Once you reach the line containing "(1::'a::semiring_1) else 0) *" in the entries below, write out that line and each one after it down to the line containing "e) = (\<Sum>e\<in>E.", exactly and with nothing added.

[DATA RECORDS — start]

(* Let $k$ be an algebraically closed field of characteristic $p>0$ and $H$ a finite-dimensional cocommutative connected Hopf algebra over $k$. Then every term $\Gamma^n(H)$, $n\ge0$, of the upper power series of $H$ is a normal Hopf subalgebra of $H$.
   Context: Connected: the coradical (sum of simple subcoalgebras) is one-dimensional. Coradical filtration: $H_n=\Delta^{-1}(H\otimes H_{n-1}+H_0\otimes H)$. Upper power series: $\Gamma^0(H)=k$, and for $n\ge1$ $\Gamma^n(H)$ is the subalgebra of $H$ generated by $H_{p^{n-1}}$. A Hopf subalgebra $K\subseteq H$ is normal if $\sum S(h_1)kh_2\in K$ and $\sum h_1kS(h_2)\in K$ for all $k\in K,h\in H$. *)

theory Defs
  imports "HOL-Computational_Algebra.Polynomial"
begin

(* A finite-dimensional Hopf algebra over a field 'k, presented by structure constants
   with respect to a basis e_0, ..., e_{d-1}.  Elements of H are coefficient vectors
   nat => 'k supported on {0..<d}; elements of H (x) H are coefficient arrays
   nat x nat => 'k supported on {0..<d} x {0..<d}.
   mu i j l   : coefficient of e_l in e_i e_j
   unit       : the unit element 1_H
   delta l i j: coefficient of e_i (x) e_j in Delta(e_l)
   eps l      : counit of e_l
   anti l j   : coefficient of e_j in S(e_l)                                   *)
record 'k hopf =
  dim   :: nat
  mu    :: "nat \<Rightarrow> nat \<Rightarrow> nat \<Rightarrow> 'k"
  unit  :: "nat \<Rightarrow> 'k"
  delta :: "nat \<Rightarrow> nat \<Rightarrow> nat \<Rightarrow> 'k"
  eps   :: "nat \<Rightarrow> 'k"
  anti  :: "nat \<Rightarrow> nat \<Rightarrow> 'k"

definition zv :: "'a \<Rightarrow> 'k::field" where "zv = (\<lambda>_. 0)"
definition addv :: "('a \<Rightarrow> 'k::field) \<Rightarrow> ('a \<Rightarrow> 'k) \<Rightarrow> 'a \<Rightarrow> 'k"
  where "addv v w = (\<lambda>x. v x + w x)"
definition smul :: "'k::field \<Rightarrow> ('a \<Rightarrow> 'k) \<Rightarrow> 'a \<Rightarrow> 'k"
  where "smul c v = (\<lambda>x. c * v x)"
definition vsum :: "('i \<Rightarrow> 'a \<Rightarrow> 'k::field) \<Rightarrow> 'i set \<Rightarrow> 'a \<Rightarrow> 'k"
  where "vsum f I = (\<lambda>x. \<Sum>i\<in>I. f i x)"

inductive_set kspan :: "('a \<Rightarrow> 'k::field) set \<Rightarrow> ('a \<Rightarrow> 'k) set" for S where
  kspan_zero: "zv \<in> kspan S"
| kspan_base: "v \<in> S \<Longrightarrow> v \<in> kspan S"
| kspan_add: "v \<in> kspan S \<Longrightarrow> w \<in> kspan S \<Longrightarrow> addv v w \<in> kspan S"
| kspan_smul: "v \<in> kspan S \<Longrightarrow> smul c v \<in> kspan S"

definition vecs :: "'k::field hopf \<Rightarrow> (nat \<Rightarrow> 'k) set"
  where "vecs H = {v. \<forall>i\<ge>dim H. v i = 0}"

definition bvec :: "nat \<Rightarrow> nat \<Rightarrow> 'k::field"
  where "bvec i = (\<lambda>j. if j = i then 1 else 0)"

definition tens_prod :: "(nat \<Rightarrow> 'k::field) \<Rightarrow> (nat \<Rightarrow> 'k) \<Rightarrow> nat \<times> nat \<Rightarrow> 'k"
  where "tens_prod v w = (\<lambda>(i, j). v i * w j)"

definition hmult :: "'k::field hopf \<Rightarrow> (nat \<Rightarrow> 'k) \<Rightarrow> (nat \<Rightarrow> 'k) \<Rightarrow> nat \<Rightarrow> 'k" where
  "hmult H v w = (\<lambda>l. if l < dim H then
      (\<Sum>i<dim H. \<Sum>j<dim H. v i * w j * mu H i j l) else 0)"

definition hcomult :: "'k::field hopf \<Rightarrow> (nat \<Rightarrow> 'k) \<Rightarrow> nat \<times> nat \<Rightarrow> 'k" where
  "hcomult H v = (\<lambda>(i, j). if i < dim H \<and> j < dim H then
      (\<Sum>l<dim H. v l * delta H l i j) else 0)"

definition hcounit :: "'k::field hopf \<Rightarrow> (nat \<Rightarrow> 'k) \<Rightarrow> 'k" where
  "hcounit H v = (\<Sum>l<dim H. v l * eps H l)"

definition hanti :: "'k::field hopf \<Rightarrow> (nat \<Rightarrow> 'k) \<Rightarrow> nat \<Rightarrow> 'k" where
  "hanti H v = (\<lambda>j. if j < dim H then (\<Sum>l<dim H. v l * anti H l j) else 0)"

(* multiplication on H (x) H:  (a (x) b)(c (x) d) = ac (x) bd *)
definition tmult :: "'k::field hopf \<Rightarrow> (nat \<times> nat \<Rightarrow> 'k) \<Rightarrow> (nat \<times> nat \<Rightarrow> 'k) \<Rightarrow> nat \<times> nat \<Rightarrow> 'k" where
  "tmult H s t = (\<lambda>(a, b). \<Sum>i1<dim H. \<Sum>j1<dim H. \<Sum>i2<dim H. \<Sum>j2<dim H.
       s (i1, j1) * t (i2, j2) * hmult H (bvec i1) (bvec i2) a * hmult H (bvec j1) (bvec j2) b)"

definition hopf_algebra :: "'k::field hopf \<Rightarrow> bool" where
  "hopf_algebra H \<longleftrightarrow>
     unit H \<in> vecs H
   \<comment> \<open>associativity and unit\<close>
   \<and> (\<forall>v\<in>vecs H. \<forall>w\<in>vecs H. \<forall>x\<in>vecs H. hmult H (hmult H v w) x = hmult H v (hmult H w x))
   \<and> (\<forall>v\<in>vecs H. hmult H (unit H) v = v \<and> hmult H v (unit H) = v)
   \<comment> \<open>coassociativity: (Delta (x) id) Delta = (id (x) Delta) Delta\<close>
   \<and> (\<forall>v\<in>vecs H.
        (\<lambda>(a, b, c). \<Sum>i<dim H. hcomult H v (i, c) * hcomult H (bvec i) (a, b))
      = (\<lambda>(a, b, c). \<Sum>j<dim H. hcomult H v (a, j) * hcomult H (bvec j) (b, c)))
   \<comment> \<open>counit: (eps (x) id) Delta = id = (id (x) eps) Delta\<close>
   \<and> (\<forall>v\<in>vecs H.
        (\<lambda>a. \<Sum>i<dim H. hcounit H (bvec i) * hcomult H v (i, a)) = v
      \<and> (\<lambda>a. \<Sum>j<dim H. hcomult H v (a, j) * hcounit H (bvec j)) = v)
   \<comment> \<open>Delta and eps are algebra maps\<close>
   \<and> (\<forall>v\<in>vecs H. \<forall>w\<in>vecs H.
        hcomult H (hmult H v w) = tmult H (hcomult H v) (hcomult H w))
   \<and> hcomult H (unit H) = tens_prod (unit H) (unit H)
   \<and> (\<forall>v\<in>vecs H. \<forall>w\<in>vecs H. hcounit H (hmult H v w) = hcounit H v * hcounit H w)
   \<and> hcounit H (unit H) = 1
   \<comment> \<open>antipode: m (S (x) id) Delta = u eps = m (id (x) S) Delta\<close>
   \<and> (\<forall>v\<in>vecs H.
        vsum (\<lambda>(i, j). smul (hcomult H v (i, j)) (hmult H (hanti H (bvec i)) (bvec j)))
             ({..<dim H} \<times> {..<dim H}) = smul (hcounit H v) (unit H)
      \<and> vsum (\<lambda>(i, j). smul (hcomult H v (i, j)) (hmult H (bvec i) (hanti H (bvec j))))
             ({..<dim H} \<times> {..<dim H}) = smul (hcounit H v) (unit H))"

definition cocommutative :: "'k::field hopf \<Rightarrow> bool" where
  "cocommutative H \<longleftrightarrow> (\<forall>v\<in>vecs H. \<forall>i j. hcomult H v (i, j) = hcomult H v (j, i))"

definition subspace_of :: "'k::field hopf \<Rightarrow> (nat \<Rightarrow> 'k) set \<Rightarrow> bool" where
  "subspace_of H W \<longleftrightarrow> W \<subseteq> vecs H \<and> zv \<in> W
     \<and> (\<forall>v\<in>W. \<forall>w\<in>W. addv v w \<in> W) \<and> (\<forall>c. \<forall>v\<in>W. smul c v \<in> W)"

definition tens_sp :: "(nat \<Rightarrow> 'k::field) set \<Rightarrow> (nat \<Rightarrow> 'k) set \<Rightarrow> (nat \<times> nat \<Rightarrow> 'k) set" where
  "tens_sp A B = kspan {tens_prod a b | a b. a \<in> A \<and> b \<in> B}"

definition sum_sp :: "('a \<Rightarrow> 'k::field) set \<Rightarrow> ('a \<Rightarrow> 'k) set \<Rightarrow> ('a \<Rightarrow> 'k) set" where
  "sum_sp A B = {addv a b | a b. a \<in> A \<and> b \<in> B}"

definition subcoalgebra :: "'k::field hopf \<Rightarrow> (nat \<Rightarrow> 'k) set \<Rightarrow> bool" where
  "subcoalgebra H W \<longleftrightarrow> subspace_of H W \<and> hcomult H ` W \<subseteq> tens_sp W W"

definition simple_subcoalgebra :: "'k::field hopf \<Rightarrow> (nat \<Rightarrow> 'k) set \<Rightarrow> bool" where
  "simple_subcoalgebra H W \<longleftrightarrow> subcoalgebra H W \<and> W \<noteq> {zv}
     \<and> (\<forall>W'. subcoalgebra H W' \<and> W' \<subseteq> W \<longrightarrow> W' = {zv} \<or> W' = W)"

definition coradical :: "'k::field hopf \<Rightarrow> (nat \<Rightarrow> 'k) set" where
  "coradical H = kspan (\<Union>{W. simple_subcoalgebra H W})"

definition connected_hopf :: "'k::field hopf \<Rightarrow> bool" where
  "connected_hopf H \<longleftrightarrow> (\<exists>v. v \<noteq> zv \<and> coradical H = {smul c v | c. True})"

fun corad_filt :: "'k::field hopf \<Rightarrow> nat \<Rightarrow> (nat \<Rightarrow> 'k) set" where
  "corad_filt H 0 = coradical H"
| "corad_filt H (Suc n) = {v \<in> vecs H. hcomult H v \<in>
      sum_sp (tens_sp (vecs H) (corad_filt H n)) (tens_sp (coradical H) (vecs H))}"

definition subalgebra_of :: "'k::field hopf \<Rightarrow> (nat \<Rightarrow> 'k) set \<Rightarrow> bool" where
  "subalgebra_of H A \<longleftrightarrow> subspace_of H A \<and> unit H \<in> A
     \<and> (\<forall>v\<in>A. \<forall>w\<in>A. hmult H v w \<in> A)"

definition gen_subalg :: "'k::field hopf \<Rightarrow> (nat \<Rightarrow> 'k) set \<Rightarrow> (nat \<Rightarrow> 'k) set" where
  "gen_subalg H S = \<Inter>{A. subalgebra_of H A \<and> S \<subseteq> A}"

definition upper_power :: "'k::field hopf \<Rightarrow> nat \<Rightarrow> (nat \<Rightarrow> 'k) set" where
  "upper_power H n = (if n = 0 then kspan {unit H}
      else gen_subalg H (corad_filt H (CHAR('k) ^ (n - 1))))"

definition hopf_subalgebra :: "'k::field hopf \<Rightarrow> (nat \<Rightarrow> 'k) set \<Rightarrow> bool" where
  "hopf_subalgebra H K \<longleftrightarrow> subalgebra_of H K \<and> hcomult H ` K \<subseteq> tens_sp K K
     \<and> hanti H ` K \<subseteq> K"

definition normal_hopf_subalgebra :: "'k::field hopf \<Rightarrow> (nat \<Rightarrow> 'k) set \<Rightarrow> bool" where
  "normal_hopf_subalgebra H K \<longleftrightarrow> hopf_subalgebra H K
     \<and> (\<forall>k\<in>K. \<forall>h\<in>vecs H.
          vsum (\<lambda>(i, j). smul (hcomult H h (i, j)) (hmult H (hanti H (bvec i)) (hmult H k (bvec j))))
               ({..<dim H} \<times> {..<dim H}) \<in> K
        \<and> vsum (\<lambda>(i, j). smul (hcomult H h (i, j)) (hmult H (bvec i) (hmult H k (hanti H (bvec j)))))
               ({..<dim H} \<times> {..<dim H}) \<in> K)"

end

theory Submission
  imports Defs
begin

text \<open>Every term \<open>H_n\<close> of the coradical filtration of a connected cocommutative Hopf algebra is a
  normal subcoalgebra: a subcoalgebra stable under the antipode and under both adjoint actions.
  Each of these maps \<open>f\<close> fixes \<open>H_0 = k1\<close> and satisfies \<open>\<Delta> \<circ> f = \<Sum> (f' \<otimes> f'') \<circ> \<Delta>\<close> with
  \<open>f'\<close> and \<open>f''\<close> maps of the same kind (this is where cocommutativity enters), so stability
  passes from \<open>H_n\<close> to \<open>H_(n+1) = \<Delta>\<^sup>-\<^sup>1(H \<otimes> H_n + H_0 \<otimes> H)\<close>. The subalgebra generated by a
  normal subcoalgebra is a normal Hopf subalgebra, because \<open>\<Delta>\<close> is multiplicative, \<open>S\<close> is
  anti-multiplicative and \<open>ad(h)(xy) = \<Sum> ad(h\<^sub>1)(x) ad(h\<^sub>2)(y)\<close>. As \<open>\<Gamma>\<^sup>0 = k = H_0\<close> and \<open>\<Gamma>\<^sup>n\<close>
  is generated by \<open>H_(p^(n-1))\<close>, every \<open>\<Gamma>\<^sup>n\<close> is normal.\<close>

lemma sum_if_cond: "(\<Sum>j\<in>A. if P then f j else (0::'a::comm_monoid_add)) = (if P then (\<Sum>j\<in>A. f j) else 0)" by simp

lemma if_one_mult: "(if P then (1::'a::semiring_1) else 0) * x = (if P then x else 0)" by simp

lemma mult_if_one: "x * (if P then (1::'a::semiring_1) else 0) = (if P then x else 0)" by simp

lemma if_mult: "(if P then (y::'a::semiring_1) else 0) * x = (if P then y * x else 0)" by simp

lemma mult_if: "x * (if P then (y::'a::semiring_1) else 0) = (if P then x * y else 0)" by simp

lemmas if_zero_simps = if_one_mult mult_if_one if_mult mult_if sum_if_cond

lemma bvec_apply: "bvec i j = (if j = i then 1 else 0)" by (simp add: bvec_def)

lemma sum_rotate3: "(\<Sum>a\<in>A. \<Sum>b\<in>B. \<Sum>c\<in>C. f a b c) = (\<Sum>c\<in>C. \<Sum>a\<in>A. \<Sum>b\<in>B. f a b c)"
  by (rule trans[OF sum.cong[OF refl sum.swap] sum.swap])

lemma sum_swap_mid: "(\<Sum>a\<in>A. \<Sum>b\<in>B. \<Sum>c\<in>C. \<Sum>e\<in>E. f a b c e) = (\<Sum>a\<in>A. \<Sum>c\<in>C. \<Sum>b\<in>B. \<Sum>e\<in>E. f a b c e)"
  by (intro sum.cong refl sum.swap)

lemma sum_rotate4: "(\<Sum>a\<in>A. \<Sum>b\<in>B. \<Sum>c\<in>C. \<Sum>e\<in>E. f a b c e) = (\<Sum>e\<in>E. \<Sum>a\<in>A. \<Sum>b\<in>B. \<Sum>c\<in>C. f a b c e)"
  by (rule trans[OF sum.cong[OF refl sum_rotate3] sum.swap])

[DATA RECORDS — finish]

TASK RESULT:
lemma if_one_mult: "(if P then (1::'a::semiring_1) else 0) * x = (if P then x else 0)" by simp

lemma mult_if_one: "x * (if P then (1::'a::semiring_1) else 0) = (if P then x else 0)" by simp

lemma if_mult: "(if P then (y::'a::semiring_1) else 0) * x = (if P then y * x else 0)" by simp

lemma mult_if: "x * (if P then (y::'a::semiring_1) else 0) = (if P then x * y else 0)" by simp

lemmas if_zero_simps = if_one_mult mult_if_one if_mult mult_if sum_if_cond

lemma bvec_apply: "bvec i j = (if j = i then 1 else 0)" by (simp add: bvec_def)

lemma sum_rotate3: "(\<Sum>a\<in>A. \<Sum>b\<in>B. \<Sum>c\<in>C. f a b c) = (\<Sum>c\<in>C. \<Sum>a\<in>A. \<Sum>b\<in>B. f a b c)"
  by (rule trans[OF sum.cong[OF refl sum.swap] sum.swap])

lemma sum_swap_mid: "(\<Sum>a\<in>A. \<Sum>b\<in>B. \<Sum>c\<in>C. \<Sum>e\<in>E. f a b c e) = (\<Sum>a\<in>A. \<Sum>c\<in>C. \<Sum>b\<in>B. \<Sum>e\<in>E. f a b c e)"
  by (intro sum.cong refl sum.swap)

lemma sum_rotate4: "(\<Sum>a\<in>A. \<Sum>b\<in>B. \<Sum>c\<in>C. \<Sum>e\<in>E. f a b c e) = (\<Sum>e\<in>E. \<Sum>a\<in>A. \<Sum>b\<in>B. \<Sum>c\<in>C. f a b c e)"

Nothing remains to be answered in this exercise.